▸ What you are asked to do: Among the records below, find the line that has "(F has_derivative (\<lambda>v."; from there, give the lines again exactly, and stop after the line that has "e - x0) \<le>".

'''

lemma abs_sum_mult_le:
  fixes a b :: "'n::finite \<Rightarrow> real"
  assumes "\<And>i. \<bar>a i\<bar> \<le> K" and "\<And>i. \<bar>b i\<bar> \<le> L"
  shows "\<bar>\<Sum>i\<in>UNIV. a i * b i\<bar> \<le> real CARD('n) * (K * L)"
proof -
  have "\<bar>\<Sum>i\<in>UNIV. a i * b i\<bar> \<le> (\<Sum>i\<in>UNIV. \<bar>a i * b i\<bar>)"
    by (rule sum_abs)
  also have "\<dots> \<le> (\<Sum>i\<in>(UNIV::'n set). K * L)"
    by (rule sum_mono) (simp add: abs_mult mult_mono' assms)
  finally show ?thesis
    by simp
qed

definition second_difference_matrix :: "(real^'n \<Rightarrow> real) \<Rightarrow> real^'n \<Rightarrow> real \<Rightarrow> real^'n^'n" where
  "second_difference_matrix F x r = (\<chi> j i.
     (F (x + r *\<^sub>R axis j 1 + r *\<^sub>R axis i 1) - F (x + r *\<^sub>R axis j 1 - r *\<^sub>R axis i 1)
      - F (x - r *\<^sub>R axis j 1 + r *\<^sub>R axis i 1) + F (x - r *\<^sub>R axis j 1 - r *\<^sub>R axis i 1)) / (4 * r\<^sup>2))"

lemma transpose_second_difference_matrix:
  fixes F :: "real^'n \<Rightarrow> real"
  shows "transpose (second_difference_matrix F x r) = second_difference_matrix F x r"
proof -
  have "x + a + b = x + b + a" "x + a - b = x - b + a" "x - a - b = x - b - a" for a b :: "real^'n"
    by (simp_all add: algebra_simps)
  then show ?thesis
    by (simp add: vec_eq_iff transpose_def second_difference_matrix_def algebra_simps)
qed

text \<open>The hypothesis \<open>second_diff\<close> is what the increment seminorm provides at scale \<open>4r\<close>.\<close>
context
  fixes F :: "real^'n \<Rightarrow> real" and Gr :: "real^'n \<Rightarrow> real^'n" and x0 :: "real^'n" and r \<epsilon> :: real
  assumes has_grad: "\<And>z. (F has_derivative (\<lambda>v. Gr z \<bullet> v)) (at z)"
    and second_diff: "\<And>a b y. dist a x0 < 4 * r \<Longrightarrow> dist b x0 < 4 * r \<Longrightarrow> norm y \<le> 4 * r \<Longrightarrow>
           norm (Gr (a + y) - Gr a - (Gr (b + y) - Gr b)) \<le> \<epsilon>"
    and r_pos: "0 < r"
begin

lemma second_diff_bound_nonneg: "0 \<le> \<epsilon>"
  using second_diff[of x0 x0 0] r_pos by simp

lemma central_difference_estimate:
  assumes x: "dist x x0 \<le> 2 * r" and e: "norm e = 1"
  shows "\<bar>F (x + r *\<^sub>R e) - F (x - r *\<^sub>R e) - 2 * r * (Gr x \<bullet> e)\<bar> \<le> \<epsilon> * r"
proof -
  have "\<bar>F (x + r *\<^sub>R e) - F (x - r *\<^sub>R e) - 2 * r * (Gr x \<bullet> e)\<bar> \<le> \<epsilon> * norm e * r"
  proof (rule central_difference_bound[OF has_grad])
    show "0 \<le> r"
      using r_pos by simp
    fix t assume t: "t \<in> {0..r}"
    have "norm (x - t *\<^sub>R e - x0) \<le> norm (x - x0) + norm (t *\<^sub>R e)"
      using norm_triangle_ineq4[of "x - x0" "t *\<^sub>R e"] by (simp add: algebra_simps)
    then have "dist (x - t *\<^sub>R e) x0 < 4 * r"
      using x t e r_pos by (simp add: dist_norm)
    moreover have "Gr (x + t *\<^sub>R e) + Gr (x - t *\<^sub>R e) - 2 *\<^sub>R Gr x
        = Gr (x + t *\<^sub>R e) - Gr x - (Gr ((x - t *\<^sub>R e) + t *\<^sub>R e) - Gr (x - t *\<^sub>R e))"
      by (simp add: scaleR_2 algebra_simps)
    ultimately show "norm (Gr (x + t *\<^sub>R e) + Gr (x - t *\<^sub>R e) - 2 *\<^sub>R Gr x) \<le> \<epsilon>"
      using second_diff[of x "x - t *\<^sub>R e" "t *\<^sub>R e"] x t e r_pos by (simp only:) simp
  qed
  then show ?thesis
    using e by simp
qed

lemma mixed_difference_estimate:
  assumes e: "norm e = 1" and v: "norm v < r"
  defines "p \<equiv> x0 + r *\<^sub>R e" and "q \<equiv> x0 - r *\<^sub>R e"
  shows "\<bar>F (p + v) - F (q + v) - F p + F q - (Gr p - Gr q) \<bullet> v\<bar> \<le> \<epsilon> * r"
proof -
  have "\<bar>F (p + v) - F (q + v) - F p + F q - (Gr p - Gr q) \<bullet> v\<bar> \<le> \<epsilon> * norm v"
  proof (rule mixed_difference_bound[OF has_grad])
    fix t :: real assume t: "t \<in> {0..1}"
    have "norm (q + t *\<^sub>R v - x0) \<le> norm (q - x0) + norm (t *\<^sub>R v)"
      using norm_triangle_ineq[of "q - x0" "t *\<^sub>R v"] by (simp add: algebra_simps)
    moreover have "norm (t *\<^sub>R v) \<le> norm v"
      using t by (simp add: mult_left_le_one_le)
    ultimately have "dist (q + t *\<^sub>R v) x0 < 4 * r"
      using e v r_pos by (simp add: q_def dist_norm)
    moreover have "norm (p - q) \<le> 4 * r"
      using e r_pos by (simp add: p_def q_def scaleR_2[symmetric])
    moreover have "q + t *\<^sub>R v + (p - q) = p + t *\<^sub>R v" "q + (p - q) = p"
      by (simp_all add: algebra_simps)
    moreover have "dist q x0 < 4 * r"
      using e r_pos by (simp add: q_def dist_norm)
    ultimately show "norm (Gr (p + t *\<^sub>R v) - Gr (q + t *\<^sub>R v) - (Gr p - Gr q)) \<le> \<epsilon>"
      using second_diff[of "q + t *\<^sub>R v" q "p - q"] by (simp only:)
  qed
  also have "\<dots> \<le> \<epsilon> * r"
    using second_diff_bound_nonneg v by (intro mult_left_mono) auto
  finally show ?thesis .
qed

lemma second_difference_matrix_estimate:
  defines "B \<equiv> second_difference_matrix F x0 r"
  shows "\<bar>(Gr (x0 + r *\<^sub>R axis j 1) - Gr (x0 - r *\<^sub>R axis j 1)) $ i - 2 * r * B $ j $ i\<bar> \<le> \<epsilon>"
proof -
  let ?e = "\<lambda>j. axis j (1::real) :: real^'n"
  let ?p = "x0 + r *\<^sub>R ?e j" and ?q = "x0 - r *\<^sub>R ?e j"
  define Q where "Q = F (?p + r *\<^sub>R ?e i) - F (?p - r *\<^sub>R ?e i) - F (?q + r *\<^sub>R ?e i) + F (?q - r *\<^sub>R ?e i)"
  have "dist ?p x0 \<le> 2 * r" "dist ?q x0 \<le> 2 * r"
    using r_pos by (simp_all add: dist_norm)
  from central_difference_estimate[OF this(1) norm_axis_1[of i]]
    central_difference_estimate[OF this(2) norm_axis_1[of i]]
  have "\<bar>Q - 2 * r * ((Gr ?p - Gr ?q) $ i)\<bar> \<le> 2 * (\<epsilon> * r)"
    unfolding Q_def by (simp add: inner_axis algebra_simps)
  moreover have "2 * r * B $ j $ i = Q / (2 * r)"
    using r_pos by (simp add: B_def second_difference_matrix_def Q_def power2_eq_square field_simps)
  moreover have "\<bar>Q - 2 * r * ((Gr ?p - Gr ?q) $ i)\<bar> = 2 * r * \<bar>(Gr ?p - Gr ?q) $ i - Q / (2 * r)\<bar>"
    using r_pos by (simp add: abs_mult[symmetric] field_simps abs_minus_commute)
  ultimately show ?thesis
    using r_pos by simp
qed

'''

▸ Answer to the problem:
  assumes has_grad: "\<And>z. (F has_derivative (\<lambda>v. Gr z \<bullet> v)) (at z)"
    and second_diff: "\<And>a b y. dist a x0 < 4 * r \<Longrightarrow> dist b x0 < 4 * r \<Longrightarrow> norm y \<le> 4 * r \<Longrightarrow>
           norm (Gr (a + y) - Gr a - (Gr (b + y) - Gr b)) \<le> \<epsilon>"
    and r_pos: "0 < r"
begin

lemma second_diff_bound_nonneg: "0 \<le> \<epsilon>"
  using second_diff[of x0 x0 0] r_pos by simp

lemma central_difference_estimate:
  assumes x: "dist x x0 \<le> 2 * r" and e: "norm e = 1"
  shows "\<bar>F (x + r *\<^sub>R e) - F (x - r *\<^sub>R e) - 2 * r * (Gr x \<bullet> e)\<bar> \<le> \<epsilon> * r"
proof -
  have "\<bar>F (x + r *\<^sub>R e) - F (x - r *\<^sub>R e) - 2 * r * (Gr x \<bullet> e)\<bar> \<le> \<epsilon> * norm e * r"
  proof (rule central_difference_bound[OF has_grad])
    show "0 \<le> r"
      using r_pos by simp
    fix t assume t: "t \<in> {0..r}"
    have "norm (x - t *\<^sub>R e - x0) \<le> norm (x - x0) + norm (t *\<^sub>R e)"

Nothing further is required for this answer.